From 8d0add86f66db5324f8b965b832aea7cc1361498 Mon Sep 17 00:00:00 2001
From: yum <yum.food.vr@gmail.com>
Date: Sat, 24 Jun 2023 18:02:37 -0700
Subject: Rework transcription commit logic

At the core of the STT, there's a loop which uses Whisper to convert
audio into a transcript. As you say something, whisper sees growing
fragments of your sentence:

t0: "Hell"
t1: "Hello"
t2: "Hello, world!"

So we need some algorithm which takes these fragments and
accumulates them into an ever-growing transcript.

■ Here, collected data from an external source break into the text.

(* Let $G$ be a simple graph on $n$ vertices and let $k$ be an integer with $2 \le k \le n-2$. Then the $k$-token graph $F_k(G)$ is regular if and only if one of the following holds: (1) $G$ is isomorphic to the complete graph $K_n$; (2) $G$ is isomorphic to the empty graph $\overline{K_n}$ (the graph on $n$ vertices with no edges); (3) $G$ is isomorphic to the complete bipartite graph (star) $K_{1,n-1}$ and $k=n/2$; (4) $G$ is isomorphic to the complement $\overline{K_{1,n-1}}$ of the star and $k=n/2$.
   Context: For a simple graph $G=(V,E)$ on $n$ vertices and an integer $1\le k<n$, the $k$-token graph $F_k(G)$ is the graph whose vertices are all $k$-element subsets of $V$, two such subsets $A,B$ being adjacent whenever their symmetric difference $A\triangle B$ is a pair $\{a,b\}$ with $a$ adjacent to $b$ in $G$. *)

theory Defs
  imports Main
begin

definition simple_graph :: "'a set \<Rightarrow> ('a \<Rightarrow> 'a \<Rightarrow> bool) \<Rightarrow> bool" where
  "simple_graph V E \<longleftrightarrow> finite V \<and> (\<forall>x y. E x y \<longrightarrow> x \<in> V \<and> y \<in> V)
     \<and> (\<forall>x y. E x y \<longrightarrow> E y x) \<and> (\<forall>x. \<not> E x x)"

definition token_vertices :: "'a set \<Rightarrow> nat \<Rightarrow> 'a set set" where
  "token_vertices V k = {A. A \<subseteq> V \<and> card A = k}"

definition token_adj :: "('a \<Rightarrow> 'a \<Rightarrow> bool) \<Rightarrow> 'a set \<Rightarrow> 'a set \<Rightarrow> bool" where
  "token_adj E A B \<longleftrightarrow> (\<exists>a b. (A - B) \<union> (B - A) = {a, b} \<and> E a b)"

definition degree :: "'b set \<Rightarrow> ('b \<Rightarrow> 'b \<Rightarrow> bool) \<Rightarrow> 'b \<Rightarrow> nat" where
  "degree V E v = card {w \<in> V. E v w}"

definition regular :: "'b set \<Rightarrow> ('b \<Rightarrow> 'b \<Rightarrow> bool) \<Rightarrow> bool" where
  "regular V E \<longleftrightarrow> (\<exists>d. \<forall>v \<in> V. degree V E v = d)"

definition graph_iso :: "'a set \<Rightarrow> ('a \<Rightarrow> 'a \<Rightarrow> bool) \<Rightarrow> 'b set \<Rightarrow> ('b \<Rightarrow> 'b \<Rightarrow> bool) \<Rightarrow> bool" where
  "graph_iso V E W F \<longleftrightarrow> (\<exists>f. bij_betw f V W \<and> (\<forall>x\<in>V. \<forall>y\<in>V. E x y \<longleftrightarrow> F (f x) (f y)))"

definition complete_adj :: "nat \<Rightarrow> nat \<Rightarrow> bool" where
  "complete_adj x y \<longleftrightarrow> x \<noteq> y"

definition empty_adj :: "nat \<Rightarrow> nat \<Rightarrow> bool" where
  "empty_adj x y \<longleftrightarrow> False"

definition star_adj :: "nat \<Rightarrow> nat \<Rightarrow> bool" where
  "star_adj x y \<longleftrightarrow> x \<noteq> y \<and> (x = 0 \<or> y = 0)"
theorem theorem2:
  fixes M :: "'w measure"
    and f :: "nat \<Rightarrow> 'v::euclidean_space \<Rightarrow> real"
    and g :: "nat \<Rightarrow> 'v \<Rightarrow> 'v"
    and L :: "nat \<Rightarrow> real"
    and N K :: nat
    and x0 xs :: 'v
    and B :: "nat \<Rightarrow> 'w \<Rightarrow> nat set"
  defines "F \<equiv> (\<lambda>x. (1 / real N) * (\<Sum>i=1..N. f i x))"
  assumes N2: "N \<ge> 2"
    and K: "1 \<le> K" "K \<le> N"
    and grad: "\<And>i x. i \<in> {1..N} \<Longrightarrow> (f i has_derivative (\<lambda>h. g i x \<bullet> h)) (at x)"
    and grad_cont: "\<And>i. i \<in> {1..N} \<Longrightarrow> continuous_on UNIV (g i)"
    and L_nonneg: "\<And>i. i \<in> {1..N} \<Longrightarrow> L i \<ge> 0"
    and lipschitz: "\<And>i x y. i \<in> {1..N} \<Longrightarrow> norm (g i x - g i y) \<le> L i * norm (x - y)"
    and xs_min: "\<And>y. F xs \<le> F y"
    and interp: "\<And>i y. i \<in> {1..N} \<Longrightarrow> f i xs \<le> f i y"
    and P: "prob_space M"
    and B_indep: "prob_space.indep_vars M (\<lambda>_. count_space UNIV) B UNIV"
    and B_unif: "\<And>n. distr M (count_space UNIV) (B n) = measure_pmf (pmf_of_set (batches N K))"
  shows
    "(convex_on UNIV F \<longrightarrow>
        (AE \<omega> in M. little_o_seq
            (\<lambda>n. F (avg_seq (\<lambda>m. sgd g K (1 / (2 * LK L N K)) x0 B m \<omega>) n) - F xs)
            (\<lambda>n. 1 / real n)))
   \<and> (\<forall>\<mu>>0. strongly_convex F \<mu> \<longrightarrow>
        (\<forall>\<epsilon>'>0. AE \<omega> in M. little_o_seq
            (\<lambda>n. F (sgd g K (1 / LK L N K) x0 B n \<omega>) - F xs)
            (\<lambda>n. (1 - \<mu> / LK L N K + \<epsilon>') ^ n)))"
proof -
  interpret S: finite_sum_interpolation f g L N K xs
    using K grad lipschitz interp by unfold_locales auto
  have F_eq: "S.F = F"
    by (simp add: F_def S.F_def fun_eq_iff)
  have iid: "iid_uniform M B (batches N K)"
    using P B_indep B_unif finite_batches batches_nonempty[OF K(2)]
    by (simp add: iid_uniform_def iid_uniform_axioms_def)
  show ?thesis
    using S.sgd_averaged_rate[OF iid] S.sgd_linear_rate[OF iid] unfolding F_eq by blast
qed
(* Let $N\to\infty$ and let $h=h(N)$ satisfy $h\to\infty$ and $h=o(N)$ as $N\to\infty$. Let $f_1,f_2:\mathbb{N}\to\mathbb{R}$ satisfy, for every $\varepsilon>0$, $f_1(n),f_2(n)\ll_{\varepsilon}N^{\varepsilon}$ uniformly for $n\ll N$. Then for every $\varepsilon>0$, $$I_{f_1,f_2}(N,h)=\sum_{a}W(a)\,\mathcal{C}_{f_1,f_2}(a)+O_{\varepsilon}(N^{\varepsilon}h^3),$$ where the sum is over integers $a\in[-2h,2h]$.
   Context: For $r\ne0$, $\mathrm{sgn}(r)=|r|/r$, and $\mathrm{sgn}(0)=0$. The mixed symmetry integral is $$I_{f_1,f_2}(N,h)=\int_h^N\Big(\sum_{|n-x|\le h}f_1(n)\,\mathrm{sgn}(n-x)\Big)\Big(\sum_{|m-x|\le h}f_2(m)\,\mathrm{sgn}(m-x)\Big)\,dx.$$ For integers $a\in[-2h,2h]$, the mixed correlation is $\mathcal{C}_{f_1,f_2}(a)=\sum_{|a|<n\le N-|a|}f_1(n)f_2(n-a)$, and the weight is $W(a)=\max(2h-3|a|,\,|a|-2h)$; $W$ is supported in $[-2h,2h]$. *)

theory Defs
  imports "HOL-Analysis.Analysis" "HOL-Library.Landau_Symbols"
begin

text \<open>Inner symmetric sum: sum over natural numbers n with |n - x| <= h of f(n) sgn(n - x).
  Isabelle's sgn on reals agrees with the paper's sgn (sgn 0 = 0).\<close>
definition sym_sum :: "(nat \<Rightarrow> real) \<Rightarrow> real \<Rightarrow> real \<Rightarrow> real" where
  "sym_sum f h x = (\<Sum>n\<in>{n::nat. \<bar>real n - x\<bar> \<le> h}. f n * sgn (real n - x))"

definition mixed_sym_integral :: "(nat \<Rightarrow> real) \<Rightarrow> (nat \<Rightarrow> real) \<Rightarrow> nat \<Rightarrow> real \<Rightarrow> real" where
  "mixed_sym_integral f1 f2 N h =
     integral {h..real N} (\<lambda>x. sym_sum f1 h x * sym_sum f2 h x)"

definition mixed_corr :: "(nat \<Rightarrow> real) \<Rightarrow> (nat \<Rightarrow> real) \<Rightarrow> nat \<Rightarrow> int \<Rightarrow> real" where
  "mixed_corr f1 f2 N a =
     (\<Sum>n\<in>{\<bar>a\<bar> + 1 .. int N - \<bar>a\<bar>}. f1 (nat n) * f2 (nat (n - a)))"

definition weightW :: "real \<Rightarrow> int \<Rightarrow> real" where
  "weightW h a = max (2 * h - 3 * \<bar>real_of_int a\<bar>) (\<bar>real_of_int a\<bar> - 2 * h)"

end

theory Submission
  imports Defs
begin

text \<open>With \<open>w\<close> the window \<open>sgn\<close> supported on \<open>[-h, h]\<close>, the integrand is
  \<open>\<Sum>n m. f1(n) f2(m) w(n - x) w(m - x)\<close>, so the integral is \<open>\<Sum>n m. f1(n) f2(m) J(n, m)\<close>
  with \<open>J(n, m) = \<integral>\<^sub>h\<^sup>N w(n - x) w(m - x) dx\<close>. The kernel \<open>J\<close> vanishes for \<open>|n - m| > 2h\<close>,
  and when both windows lie inside \<open>[h, N]\<close> it depends only on \<open>a = n - m\<close> and equals \<open>W(a)\<close>.
  The weighted correlation sum is the same double sum with kernel \<open>W(n - m)\<close>, so the two
  differ only on the \<open>O(h\<^sup>2)\<close> pairs with \<open>n\<close> within \<open>O(h)\<close> of \<open>0\<close> or \<open>N\<close>, each
  contributing \<open>O(h N\<^sup>\<epsilon>)\<close>.\<close>

definition sign_window :: "real \<Rightarrow> real \<Rightarrow> real \<Rightarrow> real" where
  "sign_window h y x = indicator {y - h..y} x - indicator {y..y + h} x"

lemma sign_window_eq:
  "0 \<le> h \<Longrightarrow> sign_window h y x = (if \<bar>y - x\<bar> \<le> h then sgn (y - x) else 0)"
  by (auto simp: sign_window_def indicator_def sgn_if)

definition overlap_length :: "real \<Rightarrow> real \<Rightarrow> real \<Rightarrow> real \<Rightarrow> real \<Rightarrow> real \<Rightarrow> real" where
  "overlap_length a b c d l u = max 0 (min (min b d) u - max (max a c) l)"

lemma has_integral_indicator_mult_indicator:
  "((\<lambda>x. indicator {a..b} x * indicator {c..d} x) has_integral overlap_length a b c d l u) {l..u}"
proof -
  have prod: "(\<lambda>x. indicator {a..b} x * indicator {c..d} x)
      = (\<lambda>x::real. if x \<in> {max a c..min b d} then 1 else 0 :: real)"
    by (auto simp: indicator_def)
  have meet: "{max a c..min b d} \<inter> {l..u} = {max (max a c) l..min (min b d) u}"
    by auto
  have "((\<lambda>x. 1::real) has_integral overlap_length a b c d l u) {max (max a c) l..min (min b d) u}"
    using has_integral_const_real[of "1::real" "max (max a c) l" "min (min b d) u"]
    by (auto simp: overlap_length_def max_def)
  then show ?thesis
    unfolding prod has_integral_restrict_Int meet .
qed

lemma overlap_length_eq_0: "b \<le> c \<or> d \<le> a \<or> u \<le> a \<Longrightarrow> overlap_length a b c d l u = 0"
  unfolding overlap_length_def by auto

lemma overlap_length_bounds: "a \<le> b \<Longrightarrow> 0 \<le> overlap_length a b c d l u \<and> overlap_length a b c d l u \<le> b - a"
  unfolding overlap_length_def by linarith

text \<open>Each window is the difference of the indicators of its two halves, so the integral of a
  product of two windows over \<open>[h, N]\<close> is this signed sum of overlap lengths.\<close>
definition sym_kernel :: "real \<Rightarrow> real \<Rightarrow> real \<Rightarrow> real \<Rightarrow> real" where
  "sym_kernel h N x y =
     overlap_length (x - h) x (y - h) y h N - overlap_length (x - h) x y (y + h) h N
   - overlap_length x (x + h) (y - h) y h N + overlap_length x (x + h) y (y + h) h N"

lemma has_integral_sign_window_mult:
  "((\<lambda>t. sign_window h x t * sign_window h y t) has_integral sym_kernel h N x y) {h..N}"
proof -
  have "(\<lambda>t. sign_window h x t * sign_window h y t) = (\<lambda>t.
      indicator {x-h..x} t * indicator {y-h..y} t - indicator {x-h..x} t * indicator {y..y+h} t
    - indicator {x..x+h} t * indicator {y-h..y} t + indicator {x..x+h} t * indicator {y..y+h} t)"
    by (auto simp: sign_window_def algebra_simps)
  then show ?thesis
    unfolding sym_kernel_def
    by (simp only:) (intro has_integral_add has_integral_diff has_integral_indicator_mult_indicator)
qed

lemma sym_kernel_eq_0:
  assumes "0 \<le> h" and "\<bar>x - y\<bar> > 2 * h \<or> x > N + h"
  shows "sym_kernel h N x y = 0"
proof -
  have "overlap_length a b c d h N = 0" if "b \<le> c \<or> d \<le> a \<or> N \<le> a" for a b c d
    using that by (rule overlap_length_eq_0)
  with assms show ?thesis
    unfolding sym_kernel_def by (smt (verit))
qed

lemma abs_sym_kernel_le: "0 \<le> h \<Longrightarrow> \<bar>sym_kernel h N x y\<bar> \<le> 4 * h"
  using overlap_length_bounds[of "x - h" x "y - h" y h N] overlap_length_bounds[of "x - h" x y "y + h" h N]
    overlap_length_bounds[of x "x + h" "y - h" y h N] overlap_length_bounds[of x "x + h" y "y + h" h N]
  unfolding sym_kernel_def by auto

lemma sym_kernel_interior:
  assumes "0 \<le> h" "2 * h \<le> x" "2 * h \<le> y" "x \<le> N - h" "y \<le> N - h" "\<bar>x - y\<bar> \<le> 2 * h"
  shows "sym_kernel h N x y = max (2 * h - 3 * \<bar>x - y\<bar>) (\<bar>x - y\<bar> - 2 * h)"
  using assms unfolding sym_kernel_def overlap_length_def
  by (auto simp: max_def min_def abs_if)


lemma sym_sum_eq_sum_sign_window:
  assumes "0 \<le> h" "h \<le> real N" "x \<le> real N"
  shows "sym_sum f h x = (\<Sum>n\<le>2*N. f n * sign_window h (real n) x)"
proof -
  have "{n. \<bar>real n - x\<bar> \<le> h} \<subseteq> {..2*N}"
    using assms by auto
  then show ?thesis
    unfolding sym_sum_def
    by (intro sum.mono_neutral_cong_left) (auto simp: sign_window_eq[OF assms(1)] abs_minus_commute)
qed

lemma mixed_sym_integral_eq_kernel_sum:
  assumes "0 \<le> h" "h \<le> real N"
  shows "mixed_sym_integral f1 f2 N h
    = (\<Sum>(n, m)\<in>{..2*N} \<times> {..2*N}. f1 n * f2 m * sym_kernel h N (real n) (real m))"
proof -
  have "mixed_sym_integral f1 f2 N h = integral {h..real N} (\<lambda>t.
      \<Sum>(n, m)\<in>{..2*N} \<times> {..2*N}. f1 n * f2 m * (sign_window h (real n) t * sign_window h (real m) t))"
    unfolding mixed_sym_integral_def
  proof (rule integral_cong)
    fix t assume "t \<in> {h..real N}"
    then have "t \<le> real N" by simp
    then show "sym_sum f1 h t * sym_sum f2 h t = (\<Sum>(n, m)\<in>{..2*N} \<times> {..2*N}.
        f1 n * f2 m * (sign_window h (real n) t * sign_window h (real m) t))"
      by (simp add: sym_sum_eq_sum_sign_window[OF assms] sum_product sum.cartesian_product mult_ac)
  qed
  also have "\<dots> = (\<Sum>(n, m)\<in>{..2*N} \<times> {..2*N}. f1 n * f2 m * sym_kernel h N (real n) (real m))"
    by (intro integral_unique has_integral_sum finite_SigmaI finite_atMost)
       (auto intro: has_integral_mult_right has_integral_sign_window_mult)
  finally show ?thesis .
qed

text \<open>The weighted sum of correlations rewritten over pairs \<open>(n, m)\<close> with \<open>a = n - m\<close>.\<close>
definition corr_kernel :: "real \<Rightarrow> nat \<Rightarrow> nat \<Rightarrow> nat \<Rightarrow> real" where
  "corr_kernel h N n m =
     (if \<bar>real n - real m\<bar> \<le> 2 * h \<and> \<bar>int n - int m\<bar> < int n \<and> int n + \<bar>int n - int m\<bar> \<le> int N
      then weightW h (int n - int m) else 0)"

lemma weighted_corr_sum_eq_kernel_sum:
  "(\<Sum>a\<in>{\<lceil>-2 * h\<rceil>..\<lfloor>2 * h\<rfloor>}. weightW h a * mixed_corr f1 f2 N a)
    = (\<Sum>(n, m)\<in>{..2*N} \<times> {..2*N}. f1 n * f2 m * corr_kernel h N n m)"
proof -
  define A where "A = {\<lceil>-2 * h\<rceil>..\<lfloor>2 * h\<rfloor>}"
  define K where "K a = {\<bar>a\<bar> + 1..int N - \<bar>a\<bar>}" for a :: int
  define P where "P = {(n, m) \<in> {..2*N} \<times> {..2*N}.
    \<bar>real n - real m\<bar> \<le> 2 * h \<and> \<bar>int n - int m\<bar> < int n \<and> int n + \<bar>int n - int m\<bar> \<le> int N}"
  have "bij_betw (\<lambda>(n, m). (int n - int m, int n)) P (Sigma A K)"
    by (rule bij_betw_byWitness[where f' = "\<lambda>(a, k). (nat k, nat (k - a))"])
       (auto simp: P_def A_def K_def ceiling_le_iff le_floor_iff)
  then have "(\<Sum>(n, m)\<in>P. weightW h (int n - int m) * (f1 n * f2 m))
      = (\<Sum>(a, k)\<in>Sigma A K. weightW h a * (f1 (nat k) * f2 (nat (k - a))))"
    by (subst sum.reindex_bij_betw[symmetric]) (auto simp: split_def)
  also have "\<dots> = (\<Sum>a\<in>A. weightW h a * mixed_corr f1 f2 N a)"
    unfolding mixed_corr_def sum_distrib_left K_def A_def
    by (subst sum.Sigma) (auto simp: split_def)
  also have "(\<Sum>(n, m)\<in>P. weightW h (int n - int m) * (f1 n * f2 m))
      = (\<Sum>(n, m)\<in>{..2*N} \<times> {..2*N}. f1 n * f2 m * corr_kernel h N n m)"
    by (rule sum.mono_neutral_cong_left) (auto simp: P_def corr_kernel_def split: if_splits)
  finally show ?thesis
    unfolding A_def by simp
qed

lemma abs_weightW_le: "\<bar>real_of_int a\<bar> \<le> 2 * h \<Longrightarrow> \<bar>weightW h a\<bar> \<le> 4 * h"
  unfolding weightW_def by (auto simp: max_def)

lemma abs_corr_kernel_le: "0 \<le> h \<Longrightarrow> \<bar>corr_kernel h N n m\<bar> \<le> 4 * h"
  unfolding corr_kernel_def by (auto intro: abs_weightW_le)

lemma sym_kernel_eq_corr_kernel:
  assumes "0 < h"
    and "(4 * h \<le> real n \<and> real n \<le> real N - 3 * h) \<or> \<bar>real n - real m\<bar> > 2 * h \<or> real n > real N + h"
  shows "sym_kernel h (real N) (real n) (real m) = corr_kernel h N n m"
proof -
  have dist: "real_of_int \<bar>int n - int m\<bar> = \<bar>real n - real m\<bar>"
    by simp
  show ?thesis
  proof (cases "\<bar>real n - real m\<bar> > 2 * h \<or> real n > real N + h")
    case True
    then have "corr_kernel h N n m = 0"
      using \<open>0 < h\<close> dist unfolding corr_kernel_def by auto
    with True show ?thesis
      using \<open>0 < h\<close> by (simp add: sym_kernel_eq_0)
  next
    case False
    with assms have n: "4 * h \<le> real n" "real n \<le> real N - 3 * h" and d: "\<bar>real n - real m\<bar> \<le> 2 * h"
      by auto
    have "sym_kernel h (real N) (real n) (real m) = max (2 * h - 3 * \<bar>real n - real m\<bar>) (\<bar>real n - real m\<bar> - 2 * h)"
      using \<open>0 < h\<close> n d by (intro sym_kernel_interior) auto
    moreover have "\<bar>int n - int m\<bar> < int n" "int n + \<bar>int n - int m\<bar> \<le> int N"
      using \<open>0 < h\<close> n d dist by linarith+
    ultimately show ?thesis
      using d by (simp add: corr_kernel_def weightW_def)
  qed
qed
(* For all integers $m\ge 2$ and $n\ge 1$, $p(m,n)<n!/2$.
   Context: For integers $m\ge 2$, $n\ge 1$, a valid $(m,n)$-sequence is a sequence $(a_1,\dots,a_{mn})$ with entries in $\{1,\dots,n\}$ in which each $k\in\{1,\dots,n\}$ occurs exactly $m$ times, and such that any two consecutive occurrences of $k$ are separated by exactly $k$ other terms; equivalently, there is an index $\theta_k$ such that $k$ occurs exactly at the positions $\theta_k,\ \theta_k+(k+1),\ \dots,\theta_k+(m-1)(k+1)$ (all in $\{1,\dots,mn\}$). The reversal of a valid sequence is again valid; $p(m,n)$ denotes the number of valid $(m,n)$-sequences counted up to reversal (i.e. the number of equivalence classes of valid sequences under identifying a sequence with its reversal). *)

theory Defs
  imports Complex_Main
begin

text \<open>Sequences (a_1,...,a_{mn}) are lists; the term a_i is xs ! (i - 1).\<close>

definition valid_seq :: "nat \<Rightarrow> nat \<Rightarrow> nat list \<Rightarrow> bool" where
  "valid_seq m n xs \<longleftrightarrow>
     length xs = m * n \<and> set xs \<subseteq> {1..n} \<and>
     (\<forall>k\<in>{1..n}. \<exists>\<theta>::nat.
        (\<forall>j<m. \<theta> + j * (k + 1) \<in> {1..m * n}) \<and>
        {i \<in> {1..m * n}. xs ! (i - 1) = k} = {\<theta> + j * (k + 1) | j. j < m})"

definition p_count :: "nat \<Rightarrow> nat \<Rightarrow> nat" where
  "p_count m n = card ((\<lambda>xs. {xs, rev xs}) ` {xs. valid_seq m n xs})"

end

theory Submission
  imports Defs "HOL-Combinatorics.Multiset_Permutations"
begin

(* Write V for the set of valid (m,n)-sequences.  Since p(m,n) counts the
   classes {xs, rev xs}, it suffices to show that (1) V is closed under reversal and
   contains no palindrome, so that 2 p(m,n) = |V|, and (2) |V| < n!.

   For (2) we map a valid sequence xs to remdups xs, the list of the values 1..n in the
   order of their LAST occurrences; this is a permutation of {1..n}.  Reading xs from the
   right, the entry at position i either is a value that occurs again later (then, as the
   occurrences of each value form an arithmetic progression with fixed difference and
   length, the entry is forced by the suffix) or it is the last occurrence of a value
   (then it is the next entry of remdups xs, read from the right).  Hence remdups is
   injective on V.  It is not surjective: the last occurrence of n is so late that n is
   never the first entry of remdups xs, so the permutation n, n-1, ..., 1 is missed. *)

definition positions :: "'a list \<Rightarrow> 'a \<Rightarrow> nat set" where
  "positions xs a = {i. i < length xs \<and> xs ! i = a}"

definition progression :: "nat \<Rightarrow> nat \<Rightarrow> nat \<Rightarrow> nat set" where
  "progression m d \<theta> = {\<theta> + j * d | j. j < m}"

Previously I did this with fuzzy string matching. I'd find the region
where the two transcripts overlap and edit the two together to produce a
longer transcript. The big problem is that if there's no overlap, it's
not clear whether whisper radically changed its mind as to what was
said, or whether the user paused for a long time before saying
something new. So I'd have to reset the growing transcript.

Now I get the timestamps from Whisper and wait for it to give me the
same 3 transcripts for the last utterance. Once the transcript
stabilizes like this, I commit the text. This enables a temporally
stable, ever-growing transcript that's also quite accurate.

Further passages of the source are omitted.